Jack Welch & the “Bottom 10%”
When he was CEO of GE, Jack Welch was famous for firing the “bottom 10%” of performers each year. (The theory is that filtering to keep the “top 90%” — especially as an organization iterates each year — keeps the average quality of the retained employees up.)
Indeed, MBAs worshipping at the Jack Welch altar are always eager to follow his lead and be quick with stack-ranking and pink slips (the infamous “rank-n-yank”).
To my eyes that’s always been a little hard-hearted.
And hard-heartedness aside, the 90% of the workforce who didn’t get fired is still aware that all it takes is one year — one year when you’re distracted by homefront issues, or one year when all your teammates perform extra well, or one year when your manager has got it in for you — and you end up on the chopping block.
It can be tough to work at your best when you’re working in fear. This is the unacknowledged price of following Welch’s guidance.
Anyway.
Covid & the “Least Collaborative 2%”
Companies that require covid vaccinations for employees will experience an interesting twist on Jack Welch’s theory. I’m imagining a roomful of bean-counting MBAs saying “let’s fire the least collaborative 2% of employees” but instead of managers picking the sacrificial employees, the least cooperative co-workers will self-select their way out of a job, niftily letting the remaining 98% sidestep the sword of Damocles that’s the hazard of the traditional Welch formula.

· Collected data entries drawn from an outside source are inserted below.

lemma Dn_4_5_eq:
  assumes t: "t \<in> I"
  shows "Dn 4 x t = - kappa_s x y t * Dn 1 x t - kappa x y t * Dn 2 x t"
    "Dn 4 y t = - kappa_s x y t * Dn 1 y t - kappa x y t * Dn 2 y t"
    "Dn 5 x t = (kappa x y t ^ 2 - kappa_ss x y t) * Dn 1 x t - 2 * kappa_s x y t * Dn 2 x t"
    "Dn 5 y t = (kappa x y t ^ 2 - kappa_ss x y t) * Dn 1 y t - 2 * kappa_s x y t * Dn 2 y t"
proof -
  have frenet: "Dn 4 z t = - kappa_s x y t * Dn 1 z t - kappa x y t * Dn 2 z t \<and>
      Dn 5 z t = (kappa x y t ^ 2 - kappa_ss x y t) * Dn 1 z t - 2 * kappa_s x y t * Dn 2 z t"
    if dz: "\<And>n s. s \<in> I \<Longrightarrow> (Dn n z has_real_derivative Dn (Suc n) z s) (at s)"
      and z3: "\<And>s. s \<in> I \<Longrightarrow> Dn 3 z s = - kappa x y s * Dn 1 z s" for z
  proof -
    have d3: "((\<lambda>s. Dn 3 z s + kappa x y s * Dn 1 z s) has_real_derivative
        Dn 4 z s + (kappa_s x y s * Dn 1 z s + Dn 2 z s * kappa x y s)) (at s)" if s: "s \<in> I" for s
      using DERIV_add[OF dz[of s 3] DERIV_mult[OF kappa_has_real_derivative dz[of s 1]], OF s s s]
      by (simp add: numeral_eq_Suc)
    have z4: "Dn 4 z s = - kappa_s x y s * Dn 1 z s - kappa x y s * Dn 2 z s" if s: "s \<in> I" for s
      using DERIV_zero_if_const_on_open[OF open_I s _ d3[OF s], of 0] z3
      by (simp add: algebra_simps)
    have "((\<lambda>s. Dn 4 z s + kappa_s x y s * Dn 1 z s + kappa x y s * Dn 2 z s) has_real_derivative
        Dn 5 z t + (kappa_ss x y t * Dn 1 z t + Dn 2 z t * kappa_s x y t)
          + (kappa_s x y t * Dn 2 z t + Dn 3 z t * kappa x y t)) (at t)"
      using DERIV_add[OF DERIV_add[OF dz[of t 4] DERIV_mult[OF kappa_s_has_real_derivative dz[of t 1]]]
          DERIV_mult[OF kappa_has_real_derivative dz[of t 2]], OF t t t t t]
      by (simp add: numeral_eq_Suc)
    from DERIV_zero_if_const_on_open[OF open_I t _ this, of 0]
    have "Dn 5 z t = - kappa_ss x y t * Dn 1 z t - 2 * kappa_s x y t * Dn 2 z t - kappa x y t * Dn 3 z t"
      using z4 by (simp add: algebra_simps)
    then show ?thesis
      using z4[OF t] z3[OF t] by (simp add: algebra_simps power2_eq_square)
  qed
  show "Dn 4 x t = - kappa_s x y t * Dn 1 x t - kappa x y t * Dn 2 x t"
    "Dn 5 x t = (kappa x y t ^ 2 - kappa_ss x y t) * Dn 1 x t - 2 * kappa_s x y t * Dn 2 x t"
    using frenet[OF Dn_has_real_derivative(1) Dn_3_eq(1)] by blast+
  show "Dn 4 y t = - kappa_s x y t * Dn 1 y t - kappa x y t * Dn 2 y t"
    "Dn 5 y t = (kappa x y t ^ 2 - kappa_ss x y t) * Dn 1 y t - 2 * kappa_s x y t * Dn 2 y t"
    using frenet[OF Dn_has_real_derivative(2) Dn_3_eq(2)] by blast+
qed

end

section \<open>Equi-affine curvature in an arbitrary parametrisation\<close>

lemma DERIV_divide_power_logderiv:
  fixes N \<sigma> :: "real \<Rightarrow> real"
  assumes "(N has_real_derivative N') (at t)" "(\<sigma> has_real_derivative \<sigma> t * r) (at t)" "\<sigma> t \<noteq> 0"
  shows "((\<lambda>s. N s / \<sigma> s ^ k) has_real_derivative (N' - real k * N t * r) / \<sigma> t ^ k) (at t)"
proof -
  have "((\<lambda>s. N s / \<sigma> s ^ k) has_real_derivative
      (N' * \<sigma> t ^ k - N t * (real k * \<sigma> t ^ (k - 1) * (\<sigma> t * r))) / (\<sigma> t ^ k * \<sigma> t ^ k)) (at t)"
    using assms by (auto intro!: derivative_eq_intros)
  moreover have "(N' * \<sigma> t ^ k - N t * (real k * \<sigma> t ^ (k - 1) * (\<sigma> t * r))) / (\<sigma> t ^ k * \<sigma> t ^ k)
      = (N' - real k * N t * r) / \<sigma> t ^ k"
    using assms(3) by (cases k) (simp_all add: field_simps)
  ultimately show ?thesis
    by simp
qed

lemma DERIV_cube_root_logderiv:
  fixes P :: "real \<Rightarrow> real"
  assumes "(P has_real_derivative P') (at t)" "P t > 0"
  shows "((\<lambda>s. P s powr (1/3)) has_real_derivative P t powr (1/3) * (P' / (3 * P t))) (at t)"
  using DERIV_powr[OF assms DERIV_const, of "1/3"] by simp

text \<open>
  With \<open>A = |c'', c'''|\<close>, \<open>P = |c', c''| > 0\<close> and \<open>P'\<close>, \<open>P''\<close> the derivatives of \<open>P\<close>, this
  is \<open>\<kappa> ds/dt\<close> for a curve \<open>c\<close> in an arbitrary parametrisation (\<open>ds/dt = P\<^sup>1\<^sup>/\<^sup>3\<close>).
\<close>
definition curv_density :: "real \<Rightarrow> real \<Rightarrow> real \<Rightarrow> real \<Rightarrow> real" where
  "curv_density A P P' P'' = ((A + P'' / 3) / P - 5/9 * P'^2 / P^2) / P powr (1/3)"

lemma ea_D_iterates:
  fixes X Y Z Z1 Z2 Z3 \<sigma> r r' :: "real \<Rightarrow> real"
  assumes S: "open S"
    and dZ: "\<And>t. t \<in> S \<Longrightarrow> (Z has_real_derivative Z1 t) (at t)"
      "\<And>t. t \<in> S \<Longrightarrow> (Z1 has_real_derivative Z2 t) (at t)"
      "\<And>t. t \<in> S \<Longrightarrow> (Z2 has_real_derivative Z3 t) (at t)"
    and \<sigma>_pos: "\<And>t. t \<in> S \<Longrightarrow> \<sigma> t > 0"
    and d\<sigma>: "\<And>t. t \<in> S \<Longrightarrow> (\<sigma> has_real_derivative \<sigma> t * r t) (at t)"
    and dr: "\<And>t. t \<in> S \<Longrightarrow> (r has_real_derivative r' t) (at t)"
    and speed: "\<And>t. t \<in> S \<Longrightarrow> ea_speed X Y t = \<sigma> t"
    and t: "t \<in> S"
  shows "ea_D X Y (ea_D X Y Z) t = (Z2 t - Z1 t * r t) / \<sigma> t ^ 2"
    "ea_D X Y (ea_D X Y (ea_D X Y Z)) t =
       (Z3 t - 3 * Z2 t * r t - Z1 t * r' t + 2 * Z1 t * r t ^ 2) / \<sigma> t ^ 3"
proof -
  have D1: "ea_D X Y Z s = Z1 s / \<sigma> s ^ 1" if "s \<in> S" for s
    using that speed DERIV_imp_deriv[OF dZ(1)] by (simp add: ea_D_def)
  have D2: "ea_D X Y (ea_D X Y Z) s = (Z2 s - Z1 s * r s) / \<sigma> s ^ 2" if s: "s \<in> S" for s
  proof -
    have "((\<lambda>s. Z1 s / \<sigma> s ^ 1) has_real_derivative (Z2 s - real 1 * Z1 s * r s) / \<sigma> s ^ 1) (at s)"
      by (rule DERIV_divide_power_logderiv[OF dZ(2)[OF s] d\<sigma>[OF s]]) (use \<sigma>_pos[OF s] in auto)
    from deriv_eq_if_eq_on_open[OF S s D1 this] show ?thesis
      using speed[OF s] \<sigma>_pos[OF s] by (simp add: ea_D_def power2_eq_square)
  qed
  then show "ea_D X Y (ea_D X Y Z) t = (Z2 t - Z1 t * r t) / \<sigma> t ^ 2"
    using t .
  have "((\<lambda>s. Z2 s - Z1 s * r s) has_real_derivative Z3 t - (Z2 t * r t + Z1 t * r' t)) (at t)"
    using t by (auto intro!: derivative_eq_intros dZ dr)
  then have "((\<lambda>s. (Z2 s - Z1 s * r s) / \<sigma> s ^ 2) has_real_derivative
      (Z3 t - (Z2 t * r t + Z1 t * r' t) - real 2 * (Z2 t - Z1 t * r t) * r t) / \<sigma> t ^ 2) (at t)"
    by (rule DERIV_divide_power_logderiv[OF _ d\<sigma>[OF t]]) (use \<sigma>_pos[OF t] in auto)
  from deriv_eq_if_eq_on_open[OF S t D2 this]
  show "ea_D X Y (ea_D X Y (ea_D X Y Z)) t =
      (Z3 t - 3 * Z2 t * r t - Z1 t * r' t + 2 * Z1 t * r t ^ 2) / \<sigma> t ^ 3"
    using speed[OF t] \<sigma>_pos[OF t]
    by (simp add: ea_D_def field_simps power2_eq_square power3_eq_cube)
qed

lemma curv_density_reparam:
  fixes X1 X2 X3 X4 Y1 Y2 Y3 Y4 P P' P'' r r' \<sigma> :: real
  assumes P_def: "P = X1 * Y2 - Y1 * X2" and P'_def: "P' = X1 * Y3 - Y1 * X3"
    and P''_def: "P'' = X2 * Y3 + X1 * Y4 - Y2 * X3 - Y1 * X4"
    and r_def: "r = P' / (3 * P)" and r'_def: "r' = (P'' * P - P'^2) / (3 * P^2)"
    and P: "P > 0" and \<sigma>: "\<sigma> = P powr (1/3)"
  shows "det2 ((X2 - X1 * r) / \<sigma> ^ 2) ((Y2 - Y1 * r) / \<sigma> ^ 2)
           ((X3 - 3 * X2 * r - X1 * r' + 2 * X1 * r ^ 2) / \<sigma> ^ 3)
           ((Y3 - 3 * Y2 * r - Y1 * r' + 2 * Y1 * r ^ 2) / \<sigma> ^ 3) * \<sigma>
       = curv_density (X2 * Y3 - Y2 * X3) P P' P''"
proof -
  have \<sigma>_pos: "\<sigma> > 0"
    using P \<sigma> by simp
  have \<sigma>3: "\<sigma> ^ 3 = P"
    using P \<sigma> by (simp add: powr_realpow[symmetric] powr_powr)
  have scale: "det2 (a / \<sigma> ^ 2) (b / \<sigma> ^ 2) (c / \<sigma> ^ 3) (d / \<sigma> ^ 3) * \<sigma> = det2 a b c d / (P * \<sigma>)"
    for a b c d
  proof -
    have "\<sigma> ^ 2 * \<sigma> ^ 3 = (P * \<sigma>) * \<sigma>"
      using \<sigma>3 by (simp add: power2_eq_square power3_eq_cube algebra_simps)
    then show ?thesis
      using \<sigma>_pos P by (simp add: det2_def divide_simps)
  qed
  have numerator: "det2 (X2 - X1 * r) (Y2 - Y1 * r) (X3 - 3 * X2 * r - X1 * r' + 2 * X1 * r ^ 2)
      (Y3 - 3 * Y2 * r - Y1 * r' + 2 * Y1 * r ^ 2)
    = (X2 * Y3 - Y2 * X3) + P * (r' + r ^ 2) - r * P'"
    by (simp add: det2_def P_def P'_def algebra_simps power2_eq_square)
  have "((X2 * Y3 - Y2 * X3) + P * (r' + r ^ 2) - r * P') / (P * \<sigma>)
      = curv_density (X2 * Y3 - Y2 * X3) P P' P''"
    using P \<sigma>_pos
    by (simp add: curv_density_def \<sigma>[symmetric] r_def r'_def field_simps power2_eq_square)
  then show ?thesis
    unfolding scale numerator .
qed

I’m not saying this is all a good thing or a bad thing. (From the corporate management side: on the one hand, if companies could find ways to flexibly accommodate everyone while mitigating covid that’s great; on the other hand, business owners don’t want their employees to spread disease to customers. And nobody, management or labor, wants to share office space with Typhoid Mary.) But whatevs. Let’s focus on the silver lining that we’re getting a natural experiment here, and economists love natural experiments.
Self-Welching
In five years, or in two years, or in one year: will organizations that have fired vaccine refuseniks be more collaborative and healthy since the remaining workers have been self-filtered to include better team players?
Will the Welch doctrine’s presumed productivity improvements carry over into workplace improvements once retention is biased towards more team-oriented people?
Will “self-Welching” antivaxxers end up improving their former organizations’ effectiveness?